Problem to solve
Give again, word for word, every line in the entries below from the line with "x = \<infinity> then \<infinity>" up to and including the line with "v \<longleftrightarrow> subsol", and no other line.
Segment Start: Available records
(* Let $(X,d)$ be a metric space, $\lambda\ge0$, $\ell:X\to[0,+\infty)$ lower semicontinuous with $\inf_X\ell=0$, and let $u:X\to\mathbb{R}$ satisfy $\inf_Xu=0$. Then for every $x\in X$, \[T^\infty u(x)=\sup\{v(x): v \text{ is a subsolution of } (\mathcal{G}_\lambda) \text{ and } v\le u\}.\] In particular, if $u$ is a supersolution of $(\mathcal{G}_\lambda)$, then $T^\infty u(x)=\sup\{v(x): v\text{ is a solution of }(\mathcal{G}_\lambda)\text{ and }v\le u\}$ for all $x\in X$.
   Context: Global slope: $G[u](x)=\sup_{y\neq x}\frac{(u(x)-u(y))_+}{d(x,y)}$ if $u(x)<+\infty$, $G[u](x)=+\infty$ otherwise. For $(\mathcal{G}_\lambda)$: a subsolution is $u:X\to\mathbb{R}\cup\{+\infty\}$ with $\inf_Xu=0$ and $\lambda u+G[u]\le\ell$ on $X$; a supersolution is a lower semicontinuous $v$ with $\inf_Xv=0$ and $\lambda v+G[v]\ge\ell$ on $X$; a solution is a lower semicontinuous function that is both. For $u:X\to[0,+\infty]$, $Tu(x)=\inf_{y\in X}\frac{u(y)+\ell(x)d(x,y)}{1+\lambda d(x,y)}$, and $T^\infty u(x)=\lim_{n\to\infty}T^nu(x)$ (a nonincreasing limit). *)

theory Defs
  imports "HOL-Analysis.Analysis"
begin

definition lsc :: "('a::topological_space \<Rightarrow> 'b::order) \<Rightarrow> bool" where
  "lsc f \<longleftrightarrow> (\<forall>x. \<forall>c. c < f x \<longrightarrow> eventually (\<lambda>y. c < f y) (at x))"

text \<open>Global slope G[u](x). Values in ereal (= R \<union> {+\<infinity>} here).
  The supremum is taken of nonnegative terms; 0 is inserted so that the
  empty supremum (one-point space) is 0.\<close>
definition gslope :: "('a::metric_space \<Rightarrow> ereal) \<Rightarrow> 'a \<Rightarrow> ereal" where
  "gslope u x = (if u x = \<infinity> then \<infinity>
     else Sup (insert 0 ((\<lambda>y. max 0 (u x - u y) / ereal (dist x y)) ` {y. y \<noteq> x})))"

definition subsol :: "real \<Rightarrow> ('a::metric_space \<Rightarrow> real) \<Rightarrow> ('a \<Rightarrow> ereal) \<Rightarrow> bool" where
  "subsol lam l u \<longleftrightarrow> (\<forall>x. u x \<noteq> -\<infinity>) \<and> (INF x. u x) = 0 \<and>
     (\<forall>x. ereal lam * u x + gslope u x \<le> ereal (l x))"

definition supersol :: "real \<Rightarrow> ('a::metric_space \<Rightarrow> real) \<Rightarrow> ('a \<Rightarrow> ereal) \<Rightarrow> bool" where
  "supersol lam l v \<longleftrightarrow> lsc v \<and> (\<forall>x. v x \<noteq> -\<infinity>) \<and> (INF x. v x) = 0 \<and>
     (\<forall>x. ereal lam * v x + gslope v x \<ge> ereal (l x))"

definition sol :: "real \<Rightarrow> ('a::metric_space \<Rightarrow> real) \<Rightarrow> ('a \<Rightarrow> ereal) \<Rightarrow> bool" where
  "sol lam l v \<longleftrightarrow> subsol lam l v \<and> supersol lam l v"

definition Top :: "real \<Rightarrow> ('a::metric_space \<Rightarrow> real) \<Rightarrow> ('a \<Rightarrow> ereal) \<Rightarrow> 'a \<Rightarrow> ereal" where
  "Top lam l u x = (INF y. (u y + ereal (l x * dist x y)) / ereal (1 + lam * dist x y))"

definition Tinf :: "real \<Rightarrow> ('a::metric_space \<Rightarrow> real) \<Rightarrow> ('a \<Rightarrow> ereal) \<Rightarrow> 'a \<Rightarrow> ereal" where
  "Tinf lam l u x = lim (\<lambda>n. (Top lam l ^^ n) u x)"

end

theory Submission
  imports Defs
begin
Segment End: Available records
Output below
  "gslope u x = (if u x = \<infinity> then \<infinity>
     else Sup (insert 0 ((\<lambda>y. max 0 (u x - u y) / ereal (dist x y)) ` {y. y \<noteq> x})))"

definition subsol :: "real \<Rightarrow> ('a::metric_space \<Rightarrow> real) \<Rightarrow> ('a \<Rightarrow> ereal) \<Rightarrow> bool" where
  "subsol lam l u \<longleftrightarrow> (\<forall>x. u x \<noteq> -\<infinity>) \<and> (INF x. u x) = 0 \<and>
     (\<forall>x. ereal lam * u x + gslope u x \<le> ereal (l x))"

definition supersol :: "real \<Rightarrow> ('a::metric_space \<Rightarrow> real) \<Rightarrow> ('a \<Rightarrow> ereal) \<Rightarrow> bool" where
  "supersol lam l v \<longleftrightarrow> lsc v \<and> (\<forall>x. v x \<noteq> -\<infinity>) \<and> (INF x. v x) = 0 \<and>
     (\<forall>x. ereal lam * v x + gslope v x \<ge> ereal (l x))"

definition sol :: "real \<Rightarrow> ('a::metric_space \<Rightarrow> real) \<Rightarrow> ('a \<Rightarrow> ereal) \<Rightarrow> bool" where
  "sol lam l v \<longleftrightarrow> subsol lam l v \<and> supersol lam l v"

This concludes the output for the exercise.